Professionalism in an Adversarial Legal World

Adversarial - HL

As a mediator, mediation and negotiation trainer, and provider of court-connected dispute resolution services, issues of professionalism and professional ethics arise often in my work.

Although professionalism cross all legal and dispute resolution cultures and contexts, they may arise more often in the family law context, where the drivers of conflict are often personal and historical. Lawyers, dispute resolution professionals and service providers can be drawn into the emotionality and values-based conflicts that tend to dominate much of our work.
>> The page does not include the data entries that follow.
(* Let $a\in\mathbb Z$ and let $z\ne1$ be a root of unity. Then the sequence $(\mathrm{Li}^\star_{(z)}(s)_{\ge N})_{N\ge2}$ of germs at $a$ has a complete asymptotic expansion relative to $\mathcal E$ with coefficients in $\mathcal C_{(z)}$, and its formal complete asymptotic expansion is equal to zero.
   Context: $\mathrm{Li}^\star_{(z)}(s)_{\ge N}:=\sum_{n\ge N}\frac{z^n}{n^s}$ (for $z\ne1$ a root of unity this extends to an entire function of $s$; its germ at $a$ is meant). $\mathcal E$ is the comparison scale of sequences $((\log n)^ln^{-m})_{n\ge1}$, $l\in\mathbb N$, $m\in\mathbb Z$. For a tuple $\mathbf z$ of roots of unity, $\mathcal C_{\mathbf z}$ is the $\mathbb C$-algebra of sequences generated by $(1)_{n\ge1}$ and $(z_i^n)_{n\ge1}$; it has the basis $\mathcal B_{\mathbf z}$ of sequences $(\xi^n)_{n\ge1}$, $\xi$ running over the distinct values of monomials in the $z_i$. Asymptotic expansions of germs: let $\mathbf a\in\mathbb C^r$ and $\mathcal O_{\mathbf a}$ the germs of holomorphic functions at $\mathbf a$. For $f_n\in\mathcal O_{\mathbf a}$ write $f_n=\sum_{\mathbf k\in\mathbb N^r}c_{\mathbf k}(f_n)(\mathbf s-\mathbf a)^{\mathbf k}$. For $A\in\mathbb Z$, $(f_n)$ has an asymptotic expansion to precision $n^{-A}$ relative to $\mathcal E$ with coefficients in $\mathcal C_{\mathbf z}$ if: (a) for each $\mathbf k$ there are sequences $u_{(\mathbf k,l,m)}\in\mathcal C_{\mathbf z}$ ($l\in\mathbb N$, $m\in\mathbb Z$, $m\le A$), zero for all but finitely many $(l,m)$, with $c_{\mathbf k}(f_n)=\sum_{m\le A}\sum_lu_{(\mathbf k,l,m)}(n)(\log n)^ln^{-m}+O(n^{-A})$ as $n\to\infty$; (b) there is $m_0\in\mathbb Z$ with $u_{(\mathbf k,l,m)}=0$ for all $\mathbf k,l$ and all $m\le m_0$; (c) for each $(l,m)$, letting $u_{(\mathbf k,l,m)}$ also denote the coordinate of the sequence $u_{(\mathbf k,l,m)}$ along the constant sequence in the basis $\mathcal B_{\mathbf z}$, the series $g_{(l,m)}:=\sum_{\mathbf k}u_{(\mathbf k,l,m)}(\mathbf s-\mathbf a)^{\mathbf k}$ converges near $\mathbf a$. The formal expansion to precision $n^{-A}$ is $\sum_{m\le A}g_{(l,m)}L^lX^m$. $(f_n)$ has a complete asymptotic expansion if this holds for all $A\in\mathbb Z$; then there is a unique $G=\sum_{(l,m)}g_{(l,m)}L^lX^m\in\mathcal O_{\mathbf a}[[L]]((X))$ whose truncations to $X$-degree $\le A$ are the formal expansions to precision $n^{-A}$; $G$ is the formal complete asymptotic expansion. For germs of meromorphic functions $f_n$, these notions are defined by requiring them for $(ff_n)$ for some nonzero $f\in\mathcal O_{\mathbf a}$ with $ff_n\in\mathcal O_{\mathbf a}$ for all $n$ (independent of $f$), the formal complete expansion being $\sum f^{-1}g_{(l,m)}L^lX^m$ where $\sum g_{(l,m)}L^lX^m$ is that of $(ff_n)$. *)

theory Defs
  imports "HOL-Analysis.Analysis" "HOL-Library.Landau_Symbols"
begin

definition Li_star :: "complex \<Rightarrow> nat \<Rightarrow> complex \<Rightarrow> complex" where
  "Li_star z N = (THE f. f holomorphic_on UNIV \<and>
      (\<forall>s. 1 < Re s \<longrightarrow> f s = (\<Sum>i. z ^ (i + N) / (of_nat (i + N)) powr s)))"

definition taylor_coeff :: "(complex \<Rightarrow> complex) \<Rightarrow> complex \<Rightarrow> nat \<Rightarrow> complex" where
  "taylor_coeff f a k = (deriv ^^ k) f a / fact k"

definition mono_vals :: "complex list \<Rightarrow> complex set" where
  "mono_vals zs = {(\<Prod>i<length zs. (zs ! i) ^ (e i)) | e. True}"

definition seq_alg :: "complex list \<Rightarrow> (nat \<Rightarrow> complex) set" where
  "seq_alg zs = {u. \<exists>c. \<forall>n\<ge>1. u n = (\<Sum>\<xi>\<in>mono_vals zs. c \<xi> * \<xi> ^ n)}"

text \<open>Coordinate of a sequence of C_zs along the constant sequence 1.\<close>
definition const_coord :: "complex list \<Rightarrow> (nat \<Rightarrow> complex) \<Rightarrow> complex" where
  "const_coord zs u = (THE c1. \<exists>c. (\<forall>n\<ge>1. u n = (\<Sum>\<xi>\<in>mono_vals zs. c \<xi> * \<xi> ^ n)) \<and> c 1 = c1)"

text \<open>F n k is the k-th Taylor coefficient at a of the n-th germ.  u k l m is the coefficient
  sequence of (log n)^l n^(-m) in the expansion of the k-th Taylor coefficient.\<close>
definition asymp_exp_prec ::
  "complex list \<Rightarrow> complex \<Rightarrow> (nat \<Rightarrow> nat \<Rightarrow> complex) \<Rightarrow> int \<Rightarrow>
   (nat \<Rightarrow> nat \<Rightarrow> int \<Rightarrow> nat \<Rightarrow> complex) \<Rightarrow> bool" where
  "asymp_exp_prec zs a F A u \<longleftrightarrow>
     (\<forall>k l m. u k l m \<in> seq_alg zs) \<and>
     (\<forall>k l m. A < m \<longrightarrow> u k l m = (\<lambda>_. 0)) \<and>
     (\<forall>k. finite {(l, m). u k l m \<noteq> (\<lambda>_. 0)}) \<and>
     (\<forall>k. (\<lambda>n. F n k - (\<Sum>(l, m)\<in>{(l, m). u k l m \<noteq> (\<lambda>_. 0)}.
              u k l m n * of_real (ln (real n) ^ l * real n powr (- real_of_int m))))
          \<in> O(\<lambda>n. of_real (real n powr (- real_of_int A)))) \<and>
     (\<exists>m0. \<forall>k l m. m \<le> m0 \<longrightarrow> u k l m = (\<lambda>_. 0)) \<and>
     (\<forall>l m. \<exists>\<epsilon>>0. \<forall>s. cmod (s - a) < \<epsilon> \<longrightarrow>
          summable (\<lambda>k. const_coord zs (u k l m) * (s - a) ^ k))"

definition has_complete_asymp_exp ::
  "complex list \<Rightarrow> complex \<Rightarrow> (nat \<Rightarrow> nat \<Rightarrow> complex) \<Rightarrow> bool" where
  "has_complete_asymp_exp zs a F \<longleftrightarrow> (\<forall>A. \<exists>u. asymp_exp_prec zs a F A u)"

text \<open>G l m is (the Taylor coefficient sequence at a of) the germ g_(l,m), coefficient of L^l X^m.
  G is a formal complete expansion if it lies in O_a[[L]]((X)) and every truncation to
  X-degree \<le> A is a formal expansion to precision n^(-A).\<close>
definition formal_complete_exp ::
  "complex list \<Rightarrow> complex \<Rightarrow> (nat \<Rightarrow> nat \<Rightarrow> complex) \<Rightarrow> (nat \<Rightarrow> int \<Rightarrow> nat \<Rightarrow> complex) \<Rightarrow> bool" where
  "formal_complete_exp zs a F G \<longleftrightarrow>
     (\<exists>m0. \<forall>l m. m \<le> m0 \<longrightarrow> G l m = (\<lambda>_. 0)) \<and>
     (\<forall>A. \<exists>u. asymp_exp_prec zs a F A u \<and>
        (\<forall>l m. m \<le> A \<longrightarrow> G l m = (\<lambda>k. const_coord zs (u k l m))))"

end

(*
  There are entire functions g_r(s) such that
  h_R(n, s) = z^n * sum_{r<R} g_r(s) n^(-s-r) satisfies
  h_R(n, s) - h_R(n+1, s) = z^n n^(-s) + O(n^(-Re s - R)) locally uniformly in s:
  expanding (n+1)^(-s-r) binomially in powers of 1/n turns this into a triangular
  linear system for the g_r, solvable because z <> 1. Telescoping gives
  Li*(s)_{>=N} = h_R(N, s) + sum_{n>=N} (error terms), an analytic continuation to
  |s| < R - 2, and by Cauchy's inequality the Taylor coefficients at a of the error
  sum are O(N^(-A)) once R is large. The Taylor coefficients of h_R(N, -) are z^N times
  finite combinations of (log N)^l N^(-m), so every coefficient sequence is a multiple
  of (z^N), whose coordinate along the constant sequence is zero. Finally, expansions
  with periodic coefficients are unique (along a residue class the coefficients are
  constant and the dominant term of the comparison scale must cancel), so the formal
  complete expansion is zero.
*)

theory Submission
  imports Defs "HOL-Real_Asymp.Real_Asymp" "HOL-Complex_Analysis.Complex_Analysis"
begin
lemma defect_in_finite_index_normal:
  assumes N: "N \<lhd> G" "finite (rcosets\<^bsub>G\<^esub> N)"
    and n: "n \<in> normalizer H K"
    and n_res: "\<And>M. M \<lhd> NH Mod K \<Longrightarrow> finite (rcosets\<^bsub>NH Mod K\<^esub> M) \<Longrightarrow> K #>\<^bsub>NH\<^esub> n \<in> M"
  shows "defect n \<in> N"
proof -
  interpret N: normal N G by (rule N(1))
  interpret K: normal K NH by (rule normal_K_NH)
  obtain L where L: "L \<lhd> NH" "finite (rcosets\<^bsub>NH\<^esub> L)"
    and L_N: "\<And>l. l \<in> L \<Longrightarrow> emb l \<in> N \<and> emb (\<phi> l) \<in> N"
    using finite_index_normal_subgroup_emb_into[OF N] by blast
  have "K #>\<^bsub>NH\<^esub> n \<in> (\<lambda>x. K #>\<^bsub>NH\<^esub> x) ` L"
    using n_res K.FactGroup_image_finite_index_normal[OF L] by blast
  then obtain l where l: "l \<in> L" "K #>\<^bsub>NH\<^esub> n = K #>\<^bsub>NH\<^esub> l" by blast
  have l_carrier: "l \<in> carrier H"
    using l(1) normal_imp_subgroup[OF L(1), THEN subgroup.subset] subgroup_normalizer[THEN subgroup.subset]
    by auto
  have "n \<in> K #>\<^bsub>NH\<^esub> l"
    using K.rcos_self[of n, OF _ K.subgroup_axioms] n l(2) by simp
  then obtain k where k: "k \<in> K" and nkl: "n = k \<otimes> l" by (auto simp: r_coset_def)
  have "defect l \<in> N"
    using L_N[OF l(1)] l_carrier N(1) by (intro defect_in_normal) auto
  then show ?thesis
    using N.inv_op_closed2 k l_carrier K_carrier by (auto simp: nkl defect_mult_left)
qed

end

theorem corollary1p1:
  fixes H :: "('a, 'b) monoid_scheme" and K :: "'a set" and \<phi> :: "'a \<Rightarrow> 'a"
  assumes "group H"
    and "finitely_generated H"
    and "\<phi> \<in> iso H H"
    and "subgroup K H" and "K \<noteq> carrier H"
    and "\<not> residually_finite ((H\<lparr>carrier := normalizer H K\<rparr>) Mod K)"
  shows "\<not> residually_finite (HNN H K \<phi>)"
proof
  assume RF: "residually_finite (HNN H K \<phi>)"
  interpret hnn_data H K \<phi>
    using assms(1,3,4) by (simp add: hnn_data_def hnn_data_axioms_def)
  interpret K: normal K NH by (rule normal_K_NH)
  obtain g where g: "g \<in> carrier (NH Mod K)" "g \<noteq> \<one>\<^bsub>NH Mod K\<^esub>"
    and g_res: "\<And>M. M \<lhd> NH Mod K \<Longrightarrow> finite (rcosets\<^bsub>NH Mod K\<^esub> M) \<Longrightarrow> g \<in> M"
    using assms(6) unfolding residually_finite_def by blast
  then obtain n where n: "n \<in> normalizer H K" and gn: "g = K #>\<^bsub>NH\<^esub> n"
    by (auto simp: carrier_FactGroup)
  have "n \<notin> K"
    using g(2) gn K.rcos_const by auto
  then have "defect n \<noteq> \<one>\<^bsub>HNN H K \<phi>\<^esub>"
    using n subgroup.subset[OF subgroup_normalizer] defect_eq_one_iff by auto
  then obtain N where "N \<lhd> HNN H K \<phi>" "finite (rcosets\<^bsub>HNN H K \<phi>\<^esub> N)" "defect n \<notin> N"
    using RF n subgroup.subset[OF subgroup_normalizer] defect_carrier
    unfolding residually_finite_def by blast
  then show False
    using defect_in_finite_index_normal n g_res gn by blast
qed

end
Deanne Sowter, research fellow at the Winkler Institute for Dispute Resolution, recently conducted a series of round-table discussions (in which I participated) that have resulted in an excellent series of posts on the topic. She finds that, although different FDR professionals are driven by different procedural norms, which in turn define their understandings of legal and professional ethics, there is a consistent acknowledgment that “family law ADR requires a higher ethical standard.”

The first step is for each of us to understand our own personal moral code, because that is the compass by which we will interpret the various Rules and Standards of Professional Conduct that guide us. For example, I recently helped draft the Standards of Practice for FDR Professionals for Ontario’s Family Dispute Resolution Institute of Ontario. In crafting those standards, there is no question that the values of our drafting team informed our work.

The legal profession has earned a bad reputation for adversarial negotiation. Indeed, in the family law context, some research suggests that family lawyers were, at one time, considered more adversarial than other kinds of lawyers. With the growth in popularity and influence of the collaborative law movement, and the exponential increase in numbers of family lawyers taking mediation training, it is arguable that family lawyers are now the least adversarial of their kind. This is not necessarily a good thing.

The training we take, the processes we offer, our life experiences and our own personalities together determine our standards of ethics relating to negotiation. And, presumably, the mandate to “do no harm” guides us all, at an elementary level, in all our choices, including the manner in which we interpret the Law Society’s still-mandatory duty of zealous advocacy for our clients.

In the video, I suggest that adversarialism is not, in itself, an evil. Indeed, in order to do no harm, it is sometimes essential. Ethical advocacy requires an assessment of the appropriate approach for each case and each client, and understanding what Fisher and Ury coined as each client’s “BATNA” in their seminal work “Getting to Yes”. Sometimes, an adversarial approach is exactly what is required for effective advocacy for a client. Somehow, we have come to conflate “adversarial advocacy” with “unethical advocacy”.

It is true that many of the tactics used in adversarial, competitive bargaining can seem, and be, unethical, in that they are designed to take advantage of the other party, create misunderstandings, and rely on deception of varying degrees. But competitive negotiation need not be unethical if those engaging in it are direct and transparent about the approach they are taking and avoid deceptive tactics.

I do a lot of teaching in law schools, and have coached in and judged many a negotiation competition. I find that today’s law students understand interest-based negation quite well; but they are distinctly uncomfortable with competitive bargaining, even when the facts suggest that it is the most appropriate approach for their client. It seems to me that we need to discuss these ideas much more with our students to help them understand there is a difference between adversarialism and unethical conduct.